I am sorry OP. This is just terrible. I know you wrote this long story about what has been happening, but if you would just read this tout loud to yourself and highlight everything wrong with this man I think that is enough to throw in the towel and find yourself a new happier life. How much longer do you need to “sneek” through his messages, wonder what he is doing 24/7? You must be exhausted!

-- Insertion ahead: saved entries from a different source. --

lemma openin_branch_region: "openin M (branch_region b)"
proof -
  let ?T = "thick_space (loop_space \<alpha>) \<delta>" and ?cls = "thick_cls (loop_space \<alpha>) fst \<delta>"
  define P where "P = {z \<in> topspace ?T. \<delta> < thick_F fst z \<and> thick_F fst z < \<alpha> - \<delta> \<and>
      (if b then 0 < snd (fst z) else snd (fst z) < 0)}"
  have "openin ?T P" unfolding P_def by (rule openin_loop_branch_band)
  moreover have "thick_saturated (loop_space \<alpha>) fst \<delta> P"
    unfolding thick_saturated_def
  proof (intro ballI subsetI)
    fix z w assume z: "z \<in> P" and w: "w \<in> ?cls z"
    then have "z \<in> topspace ?T" "\<delta> < thick_F fst z" "thick_F fst z < \<alpha> - \<delta>" by (auto simp: P_def)
    moreover note thick_cls_memD[OF w]
    moreover have "snd (fst w) \<noteq> 0"
      using calculation by (intro loop_branch_nonzero[of w \<alpha> \<delta>]) auto
    ultimately show "w \<in> P"
      using z thick_cls_loop_branch[of z \<alpha> \<delta> w] w by (auto simp: P_def split: if_splits)
  qed
  ultimately have "openin (thick (loop_space \<alpha>) fst \<delta>) (?cls ` P)"
    by (rule openin_thick_cls_image)
  then have "openin M {x \<in> topspace M. \<phi>2 x \<in> ?cls ` P}"
    using \<phi>2 unfolding reeb_morphism_def by (blast intro: openin_continuous_map_preimage)
  moreover have "{x \<in> topspace M. \<phi>2 x \<in> ?cls ` P} = branch_region b"
  proof (intro set_eqI iffI)
    fix x assume "x \<in> {x \<in> topspace M. \<phi>2 x \<in> ?cls ` P}"
    then obtain z where x: "x \<in> topspace M" and z: "z \<in> P" "\<phi>2 x = ?cls z" by blast
    then have zt: "z \<in> topspace ?T" by (simp add: P_def)
    have "thick_fun fst (\<phi>2 x) = g x" using \<phi>2 x unfolding reeb_morphism_def by blast
    then have "g x = thick_F fst z" using z(2) thick_fun_thick_cls[OF zt] by simp
    moreover have "upper_branch x \<longleftrightarrow> 0 < snd (fst z)"
      using upper_branch_iff[of x z] x z calculation thick_cls_refl[OF zt] by (simp add: P_def)
    ultimately show "x \<in> branch_region b"
      using x z(1) by (auto simp: branch_region_def P_def split: if_splits)
  next
    fix x assume "x \<in> branch_region b"
    then have x: "x \<in> topspace M" "\<delta> < g x" "g x < \<alpha> - \<delta>" "upper_branch x = b"
      by (auto simp: branch_region_def)
    obtain z where z: "z \<in> topspace ?T" "\<phi>2 x = ?cls z" "thick_F fst z = g x" "z \<in> \<phi>2 x"
      by (rule reeb_morphism_thickE[OF \<phi>2 x(1)])
    have "snd (fst z) \<noteq> 0" using x z by (intro loop_branch_nonzero[OF z(1)]) auto
    then have "z \<in> P" using upper_branch_iff[OF x(1-3) z(4)] x z by (auto simp: P_def)
    then show "x \<in> {x \<in> topspace M. \<phi>2 x \<in> ?cls ` P}" using x(1) z(2) by blast
  qed
  ultimately show ?thesis by simp
qed

lemma thick_cls_branch_region:
  assumes z: "z \<in> topspace (thick_space M r)" "\<delta> + r < thick_F g z" "thick_F g z < \<alpha> - \<delta> - r"
    and w: "w \<in> thick_cls M g r z"
  shows "fst w \<in> branch_region (upper_branch (fst z))"
proof -
  let ?T = "thick_space M r"
  define P where "P b = {v \<in> topspace ?T. fst v \<in> branch_region b}" for b
  have P_open: "openin ?T (P b)" for b
    unfolding P_def
    by (rule openin_continuous_map_preimage[OF continuous_map_thick_space_fst openin_branch_region])
  have band: "fst v \<in> topspace M \<and> \<delta> < g (fst v) \<and> g (fst v) < \<alpha> - \<delta>" if "v \<in> thick_cls M g r z" for v
    using thick_cls_memD[OF that] z(2,3) by (auto simp: topspace_thick_space thick_F_def)
  let ?b = "upper_branch (fst z)"
  have "thick_cls M g r z \<subseteq> P ?b \<union> P (\<not> ?b)"
  proof
    fix v assume "v \<in> thick_cls M g r z"
    then show "v \<in> P ?b \<union> P (\<not> ?b)"
      using band thick_cls_memD(1)[of v M g r z] by (auto simp: P_def branch_region_def)
  qed
  moreover have "z \<in> P ?b"
    using band[OF thick_cls_refl[OF z(1)]] z(1) by (simp add: P_def branch_region_def)
  moreover have "P ?b \<inter> P (\<not> ?b) = {}" by (auto simp: P_def branch_region_def)
  ultimately have "thick_cls M g r z \<subseteq> P ?b"
    by (metis thick_cls_subset_open_cover P_open)
  then show ?thesis using w by (auto simp: P_def)
qed

definition edge_branch :: "real \<Rightarrow> bool" where
  "edge_branch t \<longleftrightarrow> (\<exists>w\<in>\<psi>1 t. upper_branch (fst w))"

lemma edge_branch_region:
  assumes t: "t \<in> {\<delta> + \<epsilon><..<\<alpha> - \<delta> - \<epsilon>}" and w: "w \<in> \<psi>1 t"
  shows "fst w \<in> branch_region (edge_branch t)"
proof -
  have "t \<in> topspace (edge_space \<alpha>)" using t nonneg by (auto simp: edge_space_def)
  then obtain z where z: "z \<in> topspace (thick_space M \<epsilon>)" "\<psi>1 t = thick_cls M g \<epsilon> z"
      "thick_F g z = t" "z \<in> \<psi>1 t"
    by (rule reeb_morphism_thickE[OF \<psi>1])
  have region: "fst v \<in> branch_region (upper_branch (fst z))" if "v \<in> \<psi>1 t" for v
    using thick_cls_branch_region[OF z(1)] t z(2,3) that by simp
  have "edge_branch t = upper_branch (fst z)"
  proof
    assume "edge_branch t"
    then obtain v where "v \<in> \<psi>1 t" "upper_branch (fst v)" unfolding edge_branch_def by blast
    then show "upper_branch (fst z)" using region[of v] by (simp add: branch_region_def)
  next
    assume "upper_branch (fst z)"
    then show "edge_branch t" using z(4) unfolding edge_branch_def by blast
  qed
  then show ?thesis using region[OF w] by simp
qed

lemma edge_branch_eq:
  assumes "t \<in> {\<delta> + \<epsilon><..<\<alpha> - \<delta> - \<epsilon>}" "t' \<in> {\<delta> + \<epsilon><..<\<alpha> - \<delta> - \<epsilon>}"
  shows "edge_branch t = edge_branch t'"
proof -
  let ?J = "{\<delta> + \<epsilon><..<\<alpha> - \<delta> - \<epsilon>}" and ?T = "thick_space M \<epsilon>" and ?cls = "thick_cls M g \<epsilon>"
  define P where "P b = {w \<in> topspace ?T. \<delta> + \<epsilon> < thick_F g w \<and> thick_F g w < \<alpha> - \<delta> - \<epsilon> \<and>
      fst w \<in> branch_region b}" for b
  have J: "?J \<subseteq> topspace (edge_space \<alpha>)" using nonneg by (auto simp: edge_space_def)
  have P_open: "openin ?T (P b)" for b
    unfolding P_def
    by (intro openin_Collect_conj openin_Collect_real_less continuous_map_thick_F continuous_g
        continuous_map_const[THEN iffD2] openin_continuous_map_preimage[OF continuous_map_thick_space_fst
        openin_branch_region]; simp)
  have P_saturated: "thick_saturated M g \<epsilon> (P b)" for b
    unfolding thick_saturated_def
  proof (intro ballI subsetI)
    fix z w assume "z \<in> P b" "w \<in> ?cls z"
    then show "w \<in> P b"
      using thick_cls_branch_region[of z \<epsilon> w] thick_cls_memD[of w M g \<epsilon> z]
      by (auto simp: P_def branch_region_def)
  qed
  have psi1_in: "\<psi>1 s \<in> ?cls ` P (edge_branch s)" if s: "s \<in> ?J" for s
  proof -
    obtain z where z: "z \<in> topspace ?T" "\<psi>1 s = ?cls z" "thick_F g z = s" "z \<in> \<psi>1 s"
      by (rule reeb_morphism_thickE[OF \<psi>1]) (use s J in blast)
    then have "z \<in> P (edge_branch s)" using s edge_branch_region[OF s z(4)] by (simp add: P_def)
    then show ?thesis using z(2) by blast
  qed
  have disjoint: "P b \<inter> P (\<not> b) = {}" for b by (auto simp: P_def branch_region_def)
  have cover: "\<psi>1 s \<in> ?cls ` P (edge_branch t) \<union> ?cls ` P (\<not> edge_branch t)" if "s \<in> ?J" for s
    using psi1_in[OF that] by (cases "edge_branch s = edge_branch t") auto
  have J_connected: "connectedin (edge_space \<alpha>) ?J"
    using J by (simp add: edge_space_def connectedin_subtopology)
  have "continuous_map (edge_space \<alpha>) (thick M g \<epsilon>) \<psi>1"
    using \<psi>1 unfolding reeb_morphism_def by blast
  from connectedin_thick_saturated_cover[OF this J_connected P_open P_saturated P_open P_saturated
      disjoint cover assms(1) psi1_in[OF assms(1)] assms(2)]
  have "\<psi>1 t' \<in> ?cls ` P (edge_branch t)" .
  moreover have "\<psi>1 t' \<notin> ?cls ` P (\<not> edge_branch t)"
    using calculation thick_cls_image_disjoint[OF P_saturated _ disjoint] P_open openin_subset by blast
  ultimately show ?thesis using psi1_in[OF assms(2)] by (cases "edge_branch t'") auto
qed

text \<open>The \<open>2\<epsilon>\<close>-shift of \<open>x\<close> factors through the edge near its middle, where the branch
  chosen through \<open>\<psi>1\<close> is constant.\<close>
lemma upper_branch_mid:
  assumes x: "x \<in> topspace M" "\<delta> + 2*\<epsilon> < g x" "g x < \<alpha> - \<delta> - 2*\<epsilon>"
  shows "upper_branch x = edge_branch (\<alpha>/2)"
proof -
  obtain p q where q: "q \<in> \<psi>1 (fst p)"
    and comp: "reeb_ext M g \<epsilon> \<psi>1 (\<phi>1 x) = thick_cls M g (2*\<epsilon>) (fst q, snd q + snd p)"
    and p: "p \<in> topspace (thick_space (edge_space \<alpha>) \<epsilon>)" "thick_F (\<lambda>t. t) p = g x"
    and v: "(fst q, snd q + snd p) \<in> topspace (thick_space M (2*\<epsilon>))"
    by (rule reeb_ext_compE[OF \<phi>1 \<psi>1 x(1)])
  have J: "fst p \<in> {\<delta> + \<epsilon><..<\<alpha> - \<delta> - \<epsilon>}" "\<alpha>/2 \<in> {\<delta> + \<epsilon><..<\<alpha> - \<delta> - \<epsilon>}"
    using p x(2,3) small nonneg by (auto simp: topspace_thick_space thick_F_def)
  have edge: "fst q \<in> branch_region (edge_branch (\<alpha>/2))"
    using edge_branch_region[OF J(1) q] edge_branch_eq[OF J] by simp
  have x0: "(x, 0) \<in> topspace (thick_space M (2*\<epsilon>))"
    using x(1) nonneg by (simp add: topspace_thick_space)
  have "(fst q, snd q + snd p) \<in> thick_cls M g (2*\<epsilon>) (x, 0)"
    using comp comp_M x(1) thick_cls_refl[OF v] unfolding reeb_shift_def by simp
  moreover have "\<delta> + 2*\<epsilon> < thick_F g (x, 0)" "thick_F g (x, 0) < \<alpha> - \<delta> - 2*\<epsilon>"
    using x(2,3) by (simp_all add: thick_F_def)
  ultimately have "fst q \<in> branch_region (upper_branch x)"
    using thick_cls_branch_region[OF x0] by fastforce
  with edge show ?thesis by (auto simp: branch_region_def)
qed
lemma traces_above_entry:
  fixes a :: 'a
  assumes fin: "finite C" and ch: "is_chain C"
  defines "U \<equiv> \<Union>{T\<in>C. a \<notin> T}"
  shows "insert a ` {T \<in> (\<lambda>T. T - {a}) ` C - {{}}. \<not> T \<subseteq> U} = {T\<in>C. a \<in> T \<and> T \<noteq> insert a U}"
proof (intro set_eqI iffI)
  fix S assume "S \<in> insert a ` {T \<in> (\<lambda>T. T - {a}) ` C - {{}}. \<not> T \<subseteq> U}"
  then obtain T where T: "T \<in> C" "\<not> T - {a} \<subseteq> U" "S = insert a (T - {a})" by auto
  then have "a \<in> T" unfolding U_def by blast
  then have "S = T" using T(3) by blast
  then show "S \<in> {T\<in>C. a \<in> T \<and> T \<noteq> insert a U}" using T \<open>a \<in> T\<close> by auto
next
  fix S assume S: "S \<in> {T\<in>C. a \<in> T \<and> T \<noteq> insert a U}"
  then have "\<not> S - {a} \<subseteq> U"
    using union_of_members_avoiding(2)[OF fin ch, of S a] unfolding U_def by blast
  moreover have "S = insert a (S - {a})" using S by blast
  ultimately show "S \<in> insert a ` {T \<in> (\<lambda>T. T - {a}) ` C - {{}}. \<not> T \<subseteq> U}"
    using S by (auto intro: image_eqI[where x="S - {a}"])
qed

lemma lift_lower_chain:
  assumes fin: "finite B" and C: "C \<in> sd (insert a B)"
  shows "lift_chain a (lower_chain a C) = C"
proof -
  have ne: "{} \<notin> C" and ch: "is_chain C" using sd_memD[OF C] by auto
  have finC: "finite C" using sd_face_finite_card_le(1) C fin by blast
  show ?thesis
    unfolding lower_chain_def lift_chain_def
    using traces_below_entry[OF finC ch ne, of a] traces_above_entry[OF finC ch, of a] by auto
qed

lemma card_lift_chain:
  assumes aB: "a \<notin> B" and fin: "finite B" and C: "C \<in> sd B" and U: "U \<in> insert {} C"
  shows "card (lift_chain a (C, U, e)) = card C + (if e then 1 else 0)"
proof -
  have sub: "C \<subseteq> Pow B - {{}}" using sd_memD[OF C] by auto
  then have aT: "\<forall>T\<in>C. a \<notin> T" and aU: "a \<notin> U" using aB U by auto
  have finC: "finite C" using sd_face_finite_card_le(1)[OF fin C] .
  let ?L = "{T\<in>C. T \<subseteq> U}" and ?R = "{T\<in>C. \<not> T \<subseteq> U}"
  have "inj_on (insert a) ?R"
    using aT by (intro inj_onI) (metis Diff_insert_absorb mem_Collect_eq)
  then have "card (?L \<union> insert a ` ?R) = card ?L + card ?R"
    using aT finC by (subst card_Un_disjoint) (auto simp: card_image)
  also have "\<dots> = card C"
    using finC by (subst card_Un_disjoint[symmetric]) (auto intro: arg_cong[where f=card])
  finally have "card (?L \<union> insert a ` ?R) = card C" .
  moreover have "insert a U \<notin> ?L \<union> insert a ` ?R"
  proof
    assume "insert a U \<in> ?L \<union> insert a ` ?R"
    then obtain T where "T \<in> C" "\<not> T \<subseteq> U" "insert a U = insert a T" using aT by auto
    moreover from this aT aU have "U = T" by (metis Diff_insert_absorb)
    ultimately show False by simp
  qed
  ultimately show ?thesis
    using finC unfolding lift_chain_def by auto
qed

lemma bij_betw_lift_chain:
  assumes aB: "a \<notin> B" and fin: "finite B"
  shows "bij_betw (lift_chain a) (lift_domain B) (sd (insert a B))"
proof (rule bij_betwI[where g="lower_chain a"])
  show "lift_chain a \<in> lift_domain B \<rightarrow> sd (insert a B)"
    using lift_chain_in_sd[where B=B and a=a] by (auto simp: lift_domain_def)
  show "lower_chain a \<in> sd (insert a B) \<rightarrow> lift_domain B"
    using lower_chain_in_lift_domain[OF fin] by blast
  show "lower_chain a (lift_chain a x) = x" if "x \<in> lift_domain B" for x
    using that lower_lift_chain[OF aB] by (auto simp: lift_domain_def)
  show "lift_chain a (lower_chain a C) = C" if "C \<in> sd (insert a B)" for C
    using lift_lower_chain[OF fin that] .
qed

lemma sum_sd_insert:
  fixes g :: "nat \<Rightarrow> 'b::comm_ring_1"
  assumes aB: "a \<notin> B" and fin: "finite B"
  shows "(\<Sum>C\<in>sd (insert a B). g (card C))
    = (\<Sum>C\<in>sd B. of_nat (card C + 1) * (g (card C) + g (card C + 1)))"
proof -
  have "(\<Sum>C\<in>sd (insert a B). g (card C)) = (\<Sum>x\<in>lift_domain B. g (card (lift_chain a x)))"
    using sum.reindex_bij_betw[OF bij_betw_lift_chain[OF aB fin], of "\<lambda>C. g (card C)"] by simp
  also have "\<dots> = (\<Sum>C\<in>sd B. \<Sum>x\<in>insert {} C \<times> UNIV. g (card (lift_chain a (C, x))))"
    unfolding lift_domain_def using sd_face_finite_card_le(1)[OF fin]
    by (subst sum.Sigma[OF finite_sd[OF fin]]) (auto simp: split_def)
  also have "\<dots> = (\<Sum>C\<in>sd B. \<Sum>U\<in>insert {} C. \<Sum>e\<in>UNIV. g (card (lift_chain a (C, U, e))))"
    by (simp add: sum.cartesian_product split_def)
  also have "\<dots> = (\<Sum>C\<in>sd B. of_nat (card C + 1) * (g (card C) + g (card C + 1)))"
  proof (intro sum.cong refl)
    fix C assume C: "C \<in> sd B"
    have "{} \<notin> C" "finite C" using sd_memD[OF C] sd_face_finite_card_le(1)[OF fin C] by auto
    then show "(\<Sum>U\<in>insert {} C. \<Sum>e\<in>UNIV. g (card (lift_chain a (C, U, e))))
        = of_nat (card C + 1) * (g (card C) + g (card C + 1))"
      using card_lift_chain[OF aB fin C] by (simp add: UNIV_bool add.commute)
  qed
  finally show ?thesis .
qed
lemma mu_kernel_integral_one_ge:
  assumes x: "x \<notin> closure \<Omega>" and L: "\<And>s. s \<in> {0<..<1} \<Longrightarrow> L \<le> kernel_integral \<Omega> (\<lambda>_. 1) x s"
  shows "L * (LINT s:{0<..<1}|\<mu>. cNs DIM('n) s) \<le> mu_kernel_integral \<Omega> \<mu> (\<lambda>_. 1) x"
proof -
  have "(LINT s:{0<..<1}|\<mu>. cNs DIM('n) s * L) \<le> mu_kernel_integral \<Omega> \<mu> (\<lambda>_. 1) x"
    unfolding mu_kernel_integral_def
  proof (rule set_integral_mono)
    show "set_integrable \<mu> {0<..<1} (\<lambda>s. cNs DIM('n) s * L)"
      using cNs_set_integrable by (rule set_integrable_mult_left)
    show "set_integrable \<mu> {0<..<1} (\<lambda>s. cNs DIM('n) s * kernel_integral \<Omega> (\<lambda>_. 1) x s)"
      using mu_kernel_integrable[of "\<lambda>_. 1" 1 x] x by simp
    show "cNs DIM('n) s * L \<le> cNs DIM('n) s * kernel_integral \<Omega> (\<lambda>_. 1) x s"
      if "s \<in> {0<..<1}" for s
      using that L[OF that] cNs_pos[OF DIM_ge_1, of s] by (intro mult_left_mono) auto
  qed
  then show ?thesis by (simp add: mult.commute)
qed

Imagine this was your future child writing this sad tale. What would you tell her and what advise would you give? You are worth more than this I promise!

Post # 44
Member
323 posts
Helper bee
  • Wedding: November 2013

@sofialovesmikey:  I’m sorry for your pain, but I’m having a hard time understanding why you’ve been putting up with this for three years. He’s not going to change, honey. 

Post # 45
Member
1228 posts
Bumble bee
  • Wedding: March 2014

You haven’t done anything wrong by checking his facebook messages.  Privacy is for people you can trust.  This is so hard- if you tell him you’ve seen the messages, is he going to beg for your forgiveness and go back to counselling and delete his facebook profile and switch his cell phone for a landline? Even if he does everything he possibly can, will it be enough? Everybody here agrees he’s done a terrible thing, but only you know if enough is enough…

Post # 46
Member
135 posts
Blushing bee
  • Wedding: August 2013

@sofialovesmikey:  Oh honey…ugh…this breaks my heart. Okay I am not going to preach to you about how you let it go to three times to be fed up and “the signs” and everything else. I can’t, because I was in your exact shoes. You love this man, and when you love someone and they repeatedly apologize like that…they have an answer for everything…it’s just so hard to just cut ties and walk away. You WANT to believe them, and they make it easy to be blinded. I get that. In my situation, too, I had terrible self esteem and it was difficult for me to believe that someone could love me and connect with me again like he did.

 

I will only tell you what I had to learn the hard way: you have to know your worth, and accept what you cannot change. You are a wonderful woman. This situation alone shows me that your ability to love, forgive, and dedicate yourself to another person makes you deserving of a wonderful, wonderful man. He does not see your worth, he does not respect you, and you are the only one fighting for this relationship.

 

Stop fighting, just let go, and know that someone greater than you has better things in store for you. Had I know God had my husband planned for me, my ex would have had his ass kicked to the curb 6 months into our 4 1/2 year relationship ;). Hang in there sweetheart.